## What the task asks
Repeat, please, only the lines from the top of the data down to the line with "by (simp add: is_dpath_iff_successively"; include both of those lines.

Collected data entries
lemma converse_weights_converse_weights [simp]: "converse_weights (converse_weights w) = w"
  by (simp add: converse_weights_def fun_eq_iff)

lemma wedges_converse_weights: "wedges V (converse_weights w) = (wedges V w)\<inverse>"
  by (auto simp: wedges_def converse_weights_def)

lemma is_dpath_rev: "is_dpath V (converse_weights w) (rev xs) \<longleftrightarrow> is_dpath V w xs"
  by (simp add: is_dpath_iff_successively converse_weights_def)

lemma path_weight_rev: "path_weight (converse_weights w) (rev xs) = path_weight w xs"
proof -
  let ?n = "length xs"
  have "path_weight (converse_weights w) (rev xs)
      = (\<Prod>i<?n - 1. w (xs ! (?n - 1 - Suc i)) (xs ! Suc (?n - 1 - Suc i)))"
    unfolding path_weight_def
    by (intro prod.cong) (auto simp: rev_nth Suc_diff_Suc converse_weights_def)
  also have "\<dots> = path_weight w xs"
    unfolding path_weight_def by (rule prod.nat_diff_reindex)
  finally show ?thesis .
qed

lemma dpaths_converse_weights: "dpaths V (converse_weights w) b a = rev ` dpaths V w a b"
proof -
  have rev_sub: "rev ` dpaths V w' a' b' \<subseteq> dpaths V (converse_weights w') b' a'" for w' a' b'
    by (auto simp: dpaths_def is_dpath_rev hd_rev last_rev)
  have "dpaths V (converse_weights w) b a \<subseteq> rev ` dpaths V w a b"
    using rev_sub[of "converse_weights w" b a] by (force simp: image_subset_iff)
  then show ?thesis using rev_sub[of w a b] by blast
qed

lemma total_effect_converse_weights:
  "total_effect V (converse_weights w) b a = total_effect V w a b"
  unfolding total_effect_eq_sum_dpaths dpaths_converse_weights
  by (simp add: sum.reindex inj_on_def path_weight_rev)

lemma acyclic_wedges_irrefl: "acyclic (wedges V w) \<Longrightarrow> (a, b) \<in> wedges V w \<Longrightarrow> a \<noteq> b"
  by (auto simp: acyclic_def)

lemma wedge_total_effect_via_successor:
  assumes "finite V" "acyclic (wedges V w)" "(a, b) \<in> wedges V w"
  shows "\<exists>x. (x = a \<or> (a, x) \<in> wedges V w) \<and> x \<noteq> b \<and> total_effect V w x b \<noteq> 0"
proof (cases "total_effect V w a b = 0")
  case True
  have ab: "a \<in> V" "b \<in> V" "w a b \<noteq> 0" "a \<noteq> b"
    using assms(3) acyclic_wedges_irrefl[OF assms(2,3)] by (auto simp: wedges_def)
  have "0 = (\<Sum>m\<in>V. w a m * total_effect V w m b)"
    using total_effect_first_step[OF assms(1,2) ab(1,4)] True by simp
  also have "\<dots> = w a b + (\<Sum>m\<in>V - {b}. w a m * total_effect V w m b)"
    using assms(1) ab(2) by (simp add: sum.remove total_effect_self)
  finally have "(\<Sum>m\<in>V - {b}. w a m * total_effect V w m b) \<noteq> 0" using ab(3) by auto
  then obtain m where "m \<in> V - {b}" "w a m * total_effect V w m b \<noteq> 0"
    using sum.not_neutral_contains_not_neutral by blast
  then show ?thesis using ab(1) by (auto simp: wedges_def)
next
  case False
  then show ?thesis using acyclic_wedges_irrefl[OF assms(2,3)] by blast
qed

lemma wedge_total_effect_via_predecessor:
  assumes "finite V" "acyclic (wedges V w)" "(a, b) \<in> wedges V w"
  shows "\<exists>x. (x = b \<or> (x, b) \<in> wedges V w) \<and> x \<noteq> a \<and> total_effect V w a x \<noteq> 0"
proof -
  have "acyclic (wedges V (converse_weights w))" "(b, a) \<in> wedges V (converse_weights w)"
    using assms(2,3) by (simp_all add: wedges_converse_weights)
  from wedge_total_effect_via_successor[OF assms(1) this] show ?thesis
    by (simp add: total_effect_converse_weights wedges_converse_weights)
qed

section \<open>Faithfulness as transitivity of nonzero total effects\<close>

lemma faithful_a_total_effect_trans:
  assumes "faithful_a V w" "total_effect V w a b \<noteq> 0" "total_effect V w b c \<noteq> 0"
  shows "total_effect V w a c \<noteq> 0"
proof (cases "a = b \<or> b = c \<or> a = c")
  case True
  then show ?thesis
    using assms(2,3) total_effect_nonzero_imp_in_V(1)[OF assms(2)] by (auto simp: total_effect_self)
next
  case False
  then have "(a, c) \<in> (wedges V w)\<^sup>+"
    using assms(2,3) total_effect_nonzero_imp_trancl by (meson trancl_trans)
  then show ?thesis using assms(1) by (simp add: faithful_a_def)
qed

lemma faithful_aI:
  assumes fin: "finite V" and ac: "acyclic (wedges V w)"
    and trans: "\<And>a b c. total_effect V w a b \<noteq> 0 \<Longrightarrow> total_effect V w b c \<noteq> 0 \<Longrightarrow>
      total_effect V w a c \<noteq> 0"
  shows "faithful_a V w"
proof -
  let ?E = "wedges V w" and ?T = "total_effect V w"
  have wf: "wf (?E\<^sup>+)"
    using fin ac
    by (auto intro: wf_trancl finite_acyclic_wf finite_subset[of _ "V \<times> V"] simp: wedges_def)
  txt \<open>If an edge \<open>a \<rightarrow> b\<close> had zero effect, some other successor \<open>m\<close> of \<open>a\<close> would have
    \<open>T m b \<noteq> 0\<close>; the edge \<open>a \<rightarrow> m\<close> lies below \<open>b\<close>, so transitivity gives a contradiction.\<close>
  have edge: "\<forall>a. (a, b) \<in> ?E \<longrightarrow> ?T a b \<noteq> 0" for b
  proof (induction b rule: wf_induct[OF wf])
    case (1 b)
    show ?case
    proof (intro allI impI notI)
      fix a assume ab: "(a, b) \<in> ?E" and zero: "?T a b = 0"
      obtain m where m: "m = a \<or> (a, m) \<in> ?E" "m \<noteq> b" "?T m b \<noteq> 0"
        using wedge_total_effect_via_successor[OF fin ac ab] by blast
      then have "(a, m) \<in> ?E" using zero by blast
      moreover have "(m, b) \<in> ?E\<^sup>+" using total_effect_nonzero_imp_trancl[OF m(3,2)] .
      ultimately have "?T a m \<noteq> 0" using "1.IH" by blast
      then show False using trans[OF _ m(3)] zero by blast
    qed
  qed
  show ?thesis unfolding faithful_a_def
  proof (intro allI impI)
    fix a b assume "(a, b) \<in> ?E\<^sup>+"
    then show "?T a b \<noteq> 0"
    proof (induction rule: trancl_induct)
      case (step b c)
      then show ?case using trans[OF step.IH] edge by blast
    qed (use edge in blast)
  qed
qed

section \<open>SEM-ME: row supports of the mixing matrix\<close>

lemma me_wedges_iff: "(u, v) \<in> wedges {..<p} (me_w c) \<longleftrightarrow> u < p \<and> v < p \<and> c v u \<noteq> 0"
  by (simp add: wedges_def me_w_def)

lemma nu_leaves_iff: "j \<in> nu_leaves p Z c \<longleftrightarrow> j < p \<and> \<not> u_leaf p Z c j"
  by (simp add: nu_leaves_def)

lemma wedges_source_in_nu_leaves: "(x, y) \<in> wedges {..<p} (me_w c) \<Longrightarrow> x \<in> nu_leaves p Z c"
  by (auto simp: me_wedges_iff nu_leaves_iff u_leaf_def me_children_def)

lemma ancestor_in_nu_leaves: "me_anc p c x y \<Longrightarrow> x \<in> nu_leaves p Z c"
  unfolding me_anc_def by (erule converse_tranclE) (auto intro: wedges_source_in_nu_leaves)

lemma total_effect_source_in_nu_leaves:
  "total_effect {..<p} (me_w c) x y \<noteq> 0 \<Longrightarrow> x \<noteq> y \<Longrightarrow> x \<in> nu_leaves p Z c"
  using ancestor_in_nu_leaves total_effect_nonzero_imp_trancl unfolding me_anc_def by metis

lemma me_aog_parentI:
  assumes "acyclic (wedges {..<p} (me_w c))" "me_anc p c i x"
    and "\<And>z. (z, x) \<in> wedges {..<p} (me_w c) \<Longrightarrow> z \<noteq> i \<Longrightarrow> me_anc p c z i"
  shows "me_aog_parent p c x i"
proof -
  let ?E = "wedges {..<p} (me_w c)"
  have "(i, x) \<in> ?E"
    using assms(2) unfolding me_anc_def
  proof (cases rule: tranclE)
    case (step z)
    then have "(i, i) \<in> ?E\<^sup>+"
      using assms(3)[of z] by (cases "z = i") (auto simp: me_anc_def)
    then show ?thesis using assms(1) by (simp add: acyclic_def)
  qed
  then show ?thesis
    using assms(3) by (auto simp: me_aog_parent_def me_parents_def me_wedges_iff)
qed

lemma me_aog_parent_ancestors:
  assumes "me_aog_parent p c x i" "x < p"
  shows "{k. me_anc p c k x} = insert i {k. me_anc p c k i}"
proof -
  let ?E = "wedges {..<p} (me_w c)"
  have ix: "(i, x) \<in> ?E" and parent: "\<And>k. (k, x) \<in> ?E \<Longrightarrow> k = i \<or> (k, i) \<in> ?E\<^sup>+"
    using assms by (auto simp: me_aog_parent_def me_parents_def me_anc_def me_wedges_iff)
  have "k = i \<or> (k, i) \<in> ?E\<^sup>+" if "(k, x) \<in> ?E\<^sup>+" for k
    using that by (cases rule: tranclE) (auto dest: parent intro: trancl_trans)
  then show ?thesis using ix by (auto simp: me_anc_def)
qed

lemma me_aog_parent_in_nu_leaves: "me_aog_parent p c x i \<Longrightarrow> x < p \<Longrightarrow> i \<in> nu_leaves p Z c"
  by (auto simp: me_aog_parent_def me_parents_def me_wedges_iff
      intro!: wedges_source_in_nu_leaves[of i x])

definition me_row_support :: "nat \<Rightarrow> nat set \<Rightarrow> (nat \<Rightarrow> nat \<Rightarrow> real) \<Rightarrow> nat \<Rightarrow> nat set" where
  "me_row_support p Z c v = {j \<in> nu_leaves p Z c. me_mix p c v j \<noteq> 0}"

locale me_faithful_model =
  fixes p :: nat and Z :: "nat set" and c :: "nat \<Rightarrow> nat \<Rightarrow> real"
  assumes sem_me: "sem_me p Z c" and faithful: "me_faithful p c"
begin

abbreviation "E \<equiv> wedges {..<p} (me_w c)"
abbreviation "T \<equiv> total_effect {..<p} (me_w c)"
abbreviation "N \<equiv> nu_leaves p Z c"
abbreviation "S \<equiv> me_row_support p Z c"

lemma acyclic_E: "acyclic E"
  using sem_me by (simp add: sem_me_def)

lemma total_effect_trans: "T a b \<noteq> 0 \<Longrightarrow> T b d \<noteq> 0 \<Longrightarrow> T a d \<noteq> 0"
  using faithful faithful_a_total_effect_trans[of "{..<p}" "me_w c" a b d]
  unfolding me_faithful_def by blast

lemma total_effect_nonzero_iff_ancestor: "k \<noteq> v \<Longrightarrow> T k v \<noteq> 0 \<longleftrightarrow> me_anc p c k v"
  using faithful total_effect_nonzero_imp_trancl[of "{..<p}" "me_w c" k v]
  unfolding me_faithful_def faithful_a_def me_anc_def by blast

lemma row_support_eq: "S v = {k \<in> N. T k v \<noteq> 0}"
  by (simp add: me_row_support_def me_mix_def)

lemma row_support_u_leaf:
  assumes "u_leaf p Z c x" shows "S x = {k. me_anc p c k x}"
proof -
  have "k \<in> N \<and> T k x \<noteq> 0 \<longleftrightarrow> me_anc p c k x" for k
    using assms total_effect_nonzero_iff_ancestor[of k x] ancestor_in_nu_leaves[of p c k x Z]
    by (auto simp: nu_leaves_iff)
  then show ?thesis unfolding row_support_eq by blast
qed

lemma row_support_nu_leaf:
  assumes "i \<in> N" shows "S i = insert i {k. me_anc p c k i}"
proof -
  have "k \<in> N \<and> T k i \<noteq> 0 \<longleftrightarrow> k = i \<or> me_anc p c k i" for k
    using assms total_effect_nonzero_iff_ancestor[of k i] ancestor_in_nu_leaves[of p c k i Z]
      total_effect_self[of i "{..<p}" "me_w c"]
    by (cases "k = i") (auto simp: nu_leaves_iff)
  then show ?thesis unfolding row_support_eq by blast
qed

lemma row_support_inj_on_nu_leaves: "inj_on S N"
proof
  fix i v assume "i \<in> N" "v \<in> N" "S i = S v"
  then have "insert i {k. me_anc p c k i} = insert v {k. me_anc p c k v}"
    using row_support_nu_leaf by simp
  then have "i = v \<or> (me_anc p c i v \<and> me_anc p c v i)"
    by (metis insertE insertI1 mem_Collect_eq)
  then show "i = v"
    using acyclic_E unfolding me_anc_def acyclic_def by (meson trancl_trans)
qed

lemma u_leaf_less: "u_leaf p Z c x \<Longrightarrow> x < p"
  using sem_me by (auto simp: sem_me_def u_leaf_def)

lemma aog_parent_iff_row_support_eq:
  assumes x: "u_leaf p Z c x" and i: "i \<in> N"
  shows "me_aog_parent p c x i \<longleftrightarrow> S x = S i"
proof
  assume "me_aog_parent p c x i"
  then show "S x = S i"
    using me_aog_parent_ancestors u_leaf_less[OF x] row_support_u_leaf[OF x]
      row_support_nu_leaf[OF i]
    by simp
next
  assume "S x = S i"
  then have anc: "me_anc p c k x \<longleftrightarrow> k = i \<or> me_anc p c k i" for k
    using row_support_u_leaf[OF x] row_support_nu_leaf[OF i] by blast
  show "me_aog_parent p c x i"
  proof (rule me_aog_parentI[OF acyclic_E])
    show "me_anc p c i x" using anc by blast
    show "me_anc p c z i" if "(z, x) \<in> E" "z \<noteq> i" for z
      using anc[of z] that by (auto simp: me_anc_def)
  qed
qed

## Exercise answer
lemma converse_weights_converse_weights [simp]: "converse_weights (converse_weights w) = w"
  by (simp add: converse_weights_def fun_eq_iff)

lemma wedges_converse_weights: "wedges V (converse_weights w) = (wedges V w)\<inverse>"
  by (auto simp: wedges_def converse_weights_def)

lemma is_dpath_rev: "is_dpath V (converse_weights w) (rev xs) \<longleftrightarrow> is_dpath V w xs"
  by (simp add: is_dpath_iff_successively converse_weights_def)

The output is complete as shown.